Thanks so much for such a lovely way to start my day. I sipped my coffee and enjoyed your photos - they are just fantastic. I love the idea for the extender on the bird boxes and we may just have to borrow that idea. We are only a week or two off Spring here in Tasmania Australia and the birds are already looking for nest sites. We have a very old farmhouse on 3 acres and so far have had to cut 4 holes in our walls to rescue birdies who fell from the roof into the internal walls - Its a 14 room house and the whole roof needs replacing and we just do not have that kind of money just now. Hmm, that started 4 years ago and now I have 8 talking starlings (who I love to bits) and a male European Blackbird. Have saved 24 birds so far from pulling them out of the tight spots they get themselves into. My hubby and I are like a magic act, but it is me that has to put my arm into the wall cavity up to my armpit and feel around the icky stuff in there to catch the biting, screaming birdie. LOL  So this year, it's nesting boxes everywhere we can and I was worried about Possums and Ravens getting into the smaller boxes for sparrows (we love them here and only have about 5 in our yard, so they are precious to us) and the starlings and blackbirds - mostly Blue Wrens and Red Robins here. So again, thanks for the inspiration - 
love and light
Susan in Tasmania 
PS - How do you stop the birdies getting into that lovely veggie patch?


----------



## michbird (Jul 5, 2007)

Hi Susan  I so much enjoyed reading your post as well- It is so interesting the differences we have in our areas. The European Starlings and House Sparrows are not native here, though they don't realize it. They think they belong here, and that the native birds are the invaders. This makes them very competitive for nest sites with our native birds. Because of this, we have to watch entrance hole sizes carefully in order to keep starlings from the bluebird/tree swallow boxes.
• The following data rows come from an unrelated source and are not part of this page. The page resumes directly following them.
lemma le_left_endpoint_if_increments_le:
  fixes D q :: "real \<Rightarrow> real" and a b C :: real
  assumes "a \<le> b"
    and q_bounded: "\<And>x. x \<in> {a..b} \<Longrightarrow> \<bar>q x\<bar> \<le> C"
    and increment: "\<And>x y. x \<in> {a..b} \<Longrightarrow> y \<in> {a..b} \<Longrightarrow> x \<le> y \<Longrightarrow>
      D y - D x \<le> (y - x) * (q y - q x)"
  shows "D b \<le> D a"
proof -
  have "D b - D a \<le> (b - a) * (2 * C) / real m" if "m > 0" for m :: nat
  proof -
    define x where "x i = a + real i * (b - a) / real m" for i :: nat
    have x_in: "x i \<in> {a..b}" if "i \<le> m" for i
    proof -
      have "real i * (b - a) \<le> real m * (b - a)"
        using that \<open>a \<le> b\<close> by (intro mult_right_mono) auto
      moreover have "0 \<le> real i * (b - a)" using \<open>a \<le> b\<close> by simp
      ultimately show ?thesis
        using \<open>m > 0\<close> \<open>a \<le> b\<close> by (auto simp: x_def field_simps)
    qed
    have x_step: "x (Suc i) - x i = (b - a) / real m" for i
      by (cases "m = 0") (simp_all add: x_def field_simps)
    have x_ends: "x 0 = a" "x m = b"
      using \<open>m > 0\<close> by (simp_all add: x_def)
    have "D b - D a = (\<Sum>i<m. D (x (Suc i)) - D (x i))"
      by (simp add: sum_lessThan_telescope[of "\<lambda>i. D (x i)"] x_ends)
    also have "\<dots> \<le> (\<Sum>i<m. (b - a) / real m * (q (x (Suc i)) - q (x i)))"
    proof (rule sum_mono)
      fix i assume "i \<in> {..<m}"
      then have "x i \<in> {a..b}" "x (Suc i) \<in> {a..b}" by (intro x_in; simp)+
      moreover have "x i \<le> x (Suc i)"
        using x_step[of i] \<open>a \<le> b\<close> by (simp add: algebra_simps)
      ultimately show "D (x (Suc i)) - D (x i) \<le> (b - a) / real m * (q (x (Suc i)) - q (x i))"
        using increment[of "x i" "x (Suc i)"] by (simp add: x_step)
    qed
    also have "\<dots> = (b - a) / real m * (q b - q a)"
      by (simp only: sum_distrib_left[symmetric] sum_lessThan_telescope[of "\<lambda>i. q (x i)"] x_ends)
    also have "\<dots> \<le> (b - a) / real m * (2 * C)"
      using q_bounded[of a] q_bounded[of b] \<open>a \<le> b\<close> by (intro mult_left_mono) auto
    finally show ?thesis by simp
  qed
  then have "D b - D a \<le> 0" by (rule le_zero_if_le_const_over_nat)
  then show ?thesis by simp
qed

lemma sum_level_indicators:
  fixes x :: real and n :: nat
  assumes "0 \<le> x" "x \<le> 1"
  shows "(\<Sum>j=1..n. of_bool (real j / real n \<le> x) :: real) = of_int \<lfloor>real n * x\<rfloor>"
proof (cases "n = 0")
  case False
  define N where "N = nat \<lfloor>real n * x\<rfloor>"
  have "0 \<le> real n * x" using assms by simp
  have level_iff: "real j / real n \<le> x \<longleftrightarrow> j \<le> N" for j
  proof
    assume "real j / real n \<le> x"
    then have "real j \<le> real n * x" using False by (simp add: divide_le_eq mult.commute)
    then show "j \<le> N" unfolding N_def by (rule le_nat_floor)
  next
    assume "j \<le> N"
    then have "real j \<le> real n * x"
      using of_nat_floor[OF \<open>0 \<le> real n * x\<close>] unfolding N_def by linarith
    then show "real j / real n \<le> x" using False by (simp add: divide_le_eq mult.commute)
  qed
  have "real N \<le> real n * x"
    using level_iff[of N] False by (simp add: divide_le_eq mult.commute)
  also have "\<dots> \<le> real n" using assms by (simp add: mult_left_le)
  finally have "N \<le> n" by simp
  then have "{1..n} \<inter> {j. real j / real n \<le> x} = {1..N}"
    by (auto simp: level_iff)
  then show ?thesis
    using \<open>0 \<le> real n * x\<close> by (simp add: N_def)
qed simp

lemma set_integral_sum:
  fixes f :: "'i \<Rightarrow> 'a \<Rightarrow> 'b::{banach, second_countable_topology}"
  assumes "\<And>i. i \<in> I \<Longrightarrow> set_integrable M A (f i)"
  shows "set_integrable M A (\<lambda>x. \<Sum>i\<in>I. f i x)"
    and "(LINT x:A|M. \<Sum>i\<in>I. f i x) = (\<Sum>i\<in>I. LINT x:A|M. f i x)"
  using assms unfolding set_integrable_def set_lebesgue_integral_def
  by (simp_all add: scaleR_sum_right integral_sum)

locale ic_ir_mechanism =
  fixes q p :: "real \<Rightarrow> real"
  assumes q_range: "\<And>v. v \<in> {0..1} \<Longrightarrow> q v \<in> {0..1}"
    and ic: "\<And>v w. v \<in> {0..1} \<Longrightarrow> w \<in> {0..1} \<Longrightarrow> v * q w - p w \<le> v * q v - p v"
    and ir: "\<And>v. v \<in> {0..1} \<Longrightarrow> 0 \<le> v * q v - p v"
begin

lemma q_mono:
  assumes "a \<in> {0..1}" "b \<in> {0..1}" "a \<le> b"
  shows "q a \<le> q b"
proof -
  have "0 \<le> (b - a) * (q b - q a)"
    using ic[OF assms(1,2)] ic[OF assms(2,1)] by (simp add: algebra_simps)
  then show ?thesis
    using assms by (cases "a = b") (auto simp: zero_le_mult_iff)
qed

definition upper_set :: "real \<Rightarrow> real set" where
  "upper_set t = {w \<in> {0..1}. t \<le> q w}"

text \<open>For empty \<^term>\<open>upper_set t\<close> this is the junk value \<^term>\<open>Inf {} :: real\<close>;
  the layer t is then empty, so its value never matters.\<close>
definition threshold :: "real \<Rightarrow> real" where
  "threshold t = Inf (upper_set t)"

lemma threshold_le: "w \<in> upper_set t \<Longrightarrow> threshold t \<le> w"
  unfolding threshold_def by (rule cInf_lower) (auto simp: upper_set_def bdd_below_def)

lemma threshold_nonneg: "upper_set t \<noteq> {} \<Longrightarrow> 0 \<le> threshold t"
  unfolding threshold_def by (rule cInf_greatest) (auto simp: upper_set_def)

lemma le_threshold:
  assumes "a \<in> {0..1}" "q a < t" "upper_set t \<noteq> {}"
  shows "a \<le> threshold t"
  unfolding threshold_def
proof (rule cInf_greatest[OF assms(3)])
  fix w assume w: "w \<in> upper_set t"
  show "a \<le> w"
  proof (rule ccontr)
    assume "\<not> a \<le> w"
    then have "q w \<le> q a" using w assms(1) by (intro q_mono) (auto simp: upper_set_def)
    then show False using w assms(2) by (auto simp: upper_set_def)
  qed
qed

definition quantized :: "nat \<Rightarrow> real \<Rightarrow> real" where
  "quantized n v = (\<Sum>j=1..n. of_bool (real j / real n \<le> q v)) / real n"

definition layered_payment :: "nat \<Rightarrow> real \<Rightarrow> real" where
  "layered_payment n v =
    (\<Sum>j=1..n. threshold (real j / real n) * of_bool (real j / real n \<le> q v)) / real n"

lemma quantized_approx:
  assumes "n > 0" "v \<in> {0..1}"
  shows "quantized n v \<le> q v" "q v - quantized n v \<le> 1 / real n"
proof -
  have "0 \<le> q v" "q v \<le> 1" using q_range[OF assms(2)] by auto
  then have "quantized n v = of_int \<lfloor>real n * q v\<rfloor> / real n"
    unfolding quantized_def by (simp only: sum_level_indicators)
  then have "real n * quantized n v = of_int \<lfloor>real n * q v\<rfloor>"
    using assms(1) by simp
  then have "real n * quantized n v \<le> real n * q v" "real n * q v - 1 < real n * quantized n v"
    using of_int_floor_le[of "real n * q v"] real_of_int_floor_gt_diff_one[of "real n * q v"]
    by linarith+
  then show "quantized n v \<le> q v" "q v - quantized n v \<le> 1 / real n"
    using assms(1) by (simp_all add: field_simps)
qed

lemma layered_payment_nonneg:
  assumes "v \<in> {0..1}"
  shows "0 \<le> layered_payment n v"
  unfolding layered_payment_def
proof (intro divide_nonneg_nonneg sum_nonneg)
  fix j
  let ?t = "real j / real n"
  show "0 \<le> threshold ?t * of_bool (?t \<le> q v)"
  proof (cases "?t \<le> q v")
    case True
    then have "v \<in> upper_set ?t" using assms by (simp add: upper_set_def)
    then show ?thesis using True threshold_nonneg by auto
  qed simp
qed simp

lemma layered_payment_increment:
  assumes "a \<in> {0..1}" "b \<in> {0..1}" "a \<le> b"
  shows "a * (quantized n b - quantized n a) \<le> layered_payment n b - layered_payment n a"
proof -
  have layer: "a * (of_bool (t \<le> q b) - of_bool (t \<le> q a))
      \<le> threshold t * (of_bool (t \<le> q b) - of_bool (t \<le> q a))" for t
  proof (cases "t \<le> q a")
    case True
    then have "t \<le> q b" using q_mono[OF assms] by linarith
    then show ?thesis using True by simp
  next
    case False
    show ?thesis
    proof (cases "t \<le> q b")
      case True
      then have "upper_set t \<noteq> {}" using assms(2) by (auto simp: upper_set_def)
      then have "a \<le> threshold t" using le_threshold assms(1) False by simp
      then show ?thesis using False True by simp
    qed (use False in simp)
  qed
  have "a * (quantized n b - quantized n a)
      = (\<Sum>j=1..n. a * (of_bool (real j / real n \<le> q b) - of_bool (real j / real n \<le> q a))) / real n"
    by (simp add: quantized_def sum_subtractf sum_distrib_left diff_divide_distrib right_diff_distrib
        del: sum_of_bool_eq)
  also have "\<dots> \<le> (\<Sum>j=1..n. threshold (real j / real n)
      * (of_bool (real j / real n \<le> q b) - of_bool (real j / real n \<le> q a))) / real n"
    by (intro divide_right_mono sum_mono layer) simp
  also have "\<dots> = layered_payment n b - layered_payment n a"
    by (simp add: layered_payment_def sum_subtractf right_diff_distrib diff_divide_distrib)
  finally show ?thesis .
qed

lemma payment_le_layered_payment:
  assumes "n > 0" "v \<in> {0..1}"
  shows "p v \<le> layered_payment n v + 1 / real n"
proof -
  \<comment> \<open>The correction term makes the increments of D second order in the step length.\<close>
  define D where "D x = p x - layered_payment n x - x * (q x - quantized n x)" for x
  have D_increment: "D y - D x \<le> (y - x) * (q y - q x)"
    if xy: "x \<in> {0..1}" "y \<in> {0..1}" "x \<le> y" for x y
  proof -
    have "p y - p x \<le> y * q y - y * q x" using ic[of y x] xy by simp
    moreover have "x * quantized n y - x * quantized n x \<le> layered_payment n y - layered_payment n x"
      using layered_payment_increment[OF xy] by (simp add: right_diff_distrib)
    moreover have "(y - x) * quantized n y \<le> (y - x) * q y"
      using quantized_approx(1)[OF assms(1) xy(2)] xy by (intro mult_left_mono) auto
    ultimately show ?thesis
      unfolding D_def left_diff_distrib right_diff_distrib by linarith
  qed
  have "D v \<le> D 0"
  proof (rule le_left_endpoint_if_increments_le[where D = D and q = q and C = 1])
    show "0 \<le> v" using assms(2) by simp
    show "\<bar>q x\<bar> \<le> 1" if "x \<in> {0..v}" for x
      using q_range[of x] that assms(2) by auto
    show "D y - D x \<le> (y - x) * (q y - q x)" if "x \<in> {0..v}" "y \<in> {0..v}" "x \<le> y" for x y
      using D_increment[of x y] that assms(2) by simp
  qed
  moreover have "D 0 \<le> 0"
    using ir[of 0] layered_payment_nonneg[of 0 n] by (simp add: D_def)
  moreover have "v * (q v - quantized n v) \<le> 1 * (1 / real n)"
    using quantized_approx[OF assms] assms(2) by (intro mult_mono) auto
  ultimately show ?thesis by (simp add: D_def)
qed

lemma layer_integrable:
  fixes h :: "real \<Rightarrow> real"
  assumes "set_integrable lborel {0..1} h"
  shows "set_integrable lborel {0..1} (\<lambda>v. of_bool (t \<le> q v) * h v)"
proof -
  define q' where "q' v = q (max 0 (min 1 v))" for v
  have "mono q'" unfolding mono_def q'_def by (auto intro!: q_mono)
  then have [measurable]: "q' \<in> borel_measurable borel" by (rule borel_measurable_mono)
  have "{v. t \<le> q' v} \<in> sets lborel" by measurable
  from integrable_mult_indicator[OF this assms[unfolded set_integrable_def]]
  have "integrable lborel (\<lambda>v. indicator {v. t \<le> q' v} v *\<^sub>R (indicator {0..1} v *\<^sub>R h v))" .
  moreover have "(\<lambda>v. indicator {v. t \<le> q' v} v *\<^sub>R (indicator {0..1} v *\<^sub>R h v))
      = (\<lambda>v. indicator {0..1} v *\<^sub>R (of_bool (t \<le> q v) * h v))"
    by (auto simp: fun_eq_iff q'_def indicator_def)
  ultimately show ?thesis unfolding set_integrable_def by simp
qed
Pairing boxes also helps to provide housing for both sparrows and bluebirds/tree swallows. In the starling & house sparrows' native realms, they are not destructive as they are here.
The veggie patch? We LOVE the birds in our veggie patch! They eat the bad bugs mostly, though I have had to chase stalings from seedlings early on in our growing season...but the bunnies are a bigger problem. The older bunnies have learned they don't belong- They're smart animals which can be trained to stay out if you chase them out constantly for a few days....but when the young begin feeding on their own, it is a much bigger problem in many more numbers- ha ha! I just plant extra and put chicken wire over their favorites


----------